AMBITIOUS ANTIDRUG PLAN FOR COLOMBIA IS FALTERING

WASHINGTON, Oct. 14 - Three months since the United States approved a huge 
aid package for Colombia, the overarching $7.5 billion plan to stabilize 
that nation and thwart its guerrilla movements and drug traffickers is 
already showing signs of disarray, officials and experts say.

European nations have balked at providing donations to help Colombia 
address its social problems, Latin American leaders are voicing concerns 
about creeping United States militarism and the government of President 
Andres Pastrana has been reluctant to promote the plan at home or to 
dedicate funds to it, American officials concede.

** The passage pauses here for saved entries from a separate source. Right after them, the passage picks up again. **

lemma lower_density_pos_if_linear_enum:
  fixes m :: "nat \<Rightarrow> nat"
  assumes "strict_mono m" and "\<And>s. m s \<in> S" and "\<And>s. 1 \<le> m s"
    and "\<And>s. m s \<le> c * s + d" and "0 < c"
  shows "lower_density S > 0"
proof -
  have "1 / (2 * c) \<le> real (card (S \<inter> {1..N})) / N" if N: "2 * (c + d) \<le> N" for N
  proof -
    have "real N \<le> 2 * c * card (S \<inter> {1..N})"
      using card_ge_if_linear_enum[OF assms N] by (metis of_nat_le_iff of_nat_mult of_nat_numeral)
    then show ?thesis
      using N assms(5) by (simp add: field_simps)
  qed
  then have "ereal (1 / (2 * c)) \<le> lower_density S"
    unfolding lower_density_def by (intro Liminf_bounded eventually_sequentiallyI) auto
  moreover have "ereal (1 / (2 * c)) > 0"
    using assms(5) by simp
  ultimately show ?thesis
    by order
qed

lemma lower_density_pos_ruler_blocks:
  assumes "\<And>t. multiplicity 2 (Suc t) = v \<Longrightarrow> block_start t + G \<in> S" and "1 \<le> G"
  shows "lower_density S > 0"
proof -
  define t where "t s = 2 ^ v * (2 * s + 1) - 1" for s :: nat
  have Suc_t: "Suc (t s) = 2 ^ v * (2 * s + 1)" for s
    by (simp add: t_def)
  have "strict_mono t"
  proof (rule strict_monoI_Suc)
    fix s
    have "Suc (t s) < Suc (t (Suc s))"
      unfolding Suc_t by simp
    then show "t s < t (Suc s)"
      by simp
  qed
  show ?thesis
  proof (rule lower_density_pos_if_linear_enum)
    show "strict_mono (\<lambda>s. block_start (t s) + G)"
      using strict_mono_o[OF block_start_strict_mono \<open>strict_mono t\<close>]
      by (simp add: strict_mono_def)
    show "block_start (t s) + G \<in> S" for s
      using assms(1) Suc_t[of s] multiplicity_2_power_times_odd[of v s] by metis
    show "block_start (t s) + G \<le> (8 * 2 ^ v) * s + (4 * 2 ^ v + G)" for s
      using block_start_le[of "t s"] Suc_t[of s] by (simp add: algebra_simps)
  qed (use assms(2) in auto)
qed

theorem mainTheorem6:
  shows "freq_hypercyclic_D_H2"
proof -
  define g where "g = disc_fps (shifted_egf hc_coeff 0)"
  have orbit: "(Dop ^^ n) g = disc_fps (shifted_egf hc_coeff n)" for n
    unfolding g_def using summable_hc_coeff_shifted by (rule Dop_power_disc_shifted_egf)
  have Edom: "disc_fps (shifted_egf hc_coeff n) \<in> Edom" for n
    using summable_hc_coeff_shifted by (rule disc_shifted_egf_in_Edom)
  have "lower_density {n. n \<ge> 1 \<and> (Dop ^^ n) g \<in> U} > 0" if U: "h2_open U" "U \<noteq> {}" for U
  proof -
    obtain x e where x: "x \<in> H2" "e > 0" and ball: "\<And>y. y \<in> H2 \<Longrightarrow> h2_dist x y < e \<Longrightarrow> y \<in> U"
      using U unfolding h2_open_def by blast
    obtain j where j: "\<And>t. multiplicity 2 (Suc t) = slot_val j \<Longrightarrow>
        h2_dist x (disc_fps (shifted_egf hc_coeff (block_start t + gap j))) < e"
      using hc_orbit_approx[OF x] by blast
    show ?thesis
      by (rule lower_density_pos_ruler_blocks[of "slot_val j" "gap j"])
        (use j ball Edom in \<open>auto simp: orbit Edom_def gap_def\<close>)
  qed
  moreover have "(Dop ^^ n) g \<in> Edom" for n
    using orbit Edom by simp
  moreover have "g \<in> Edom"
    using Edom by (simp add: g_def)
  ultimately show ?thesis
    unfolding freq_hypercyclic_D_H2_def by blast
qed

end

In a report to Congress this week, the General Accounting Office said "the 
Colombian government has not demonstrated it has the detailed plans, 
management structure and funding necessary" to meet the plan's goals, and 
international financial support from beyond the United States "has yet to 
materialize."

Mr. Pastrana announced the so-called Plan Colombia as an initiative of his 
government a year ago. But the skepticism it has met reflects a concern 
abroad that the plan was drafted by the United States as a way to ease its 
own drug crisis and not as a coherent strategy to lift Colombia from a 
quagmire involving two guerrilla insurgencies, right-wing death squads, a 
faltering economy and a crisis of confidence in government.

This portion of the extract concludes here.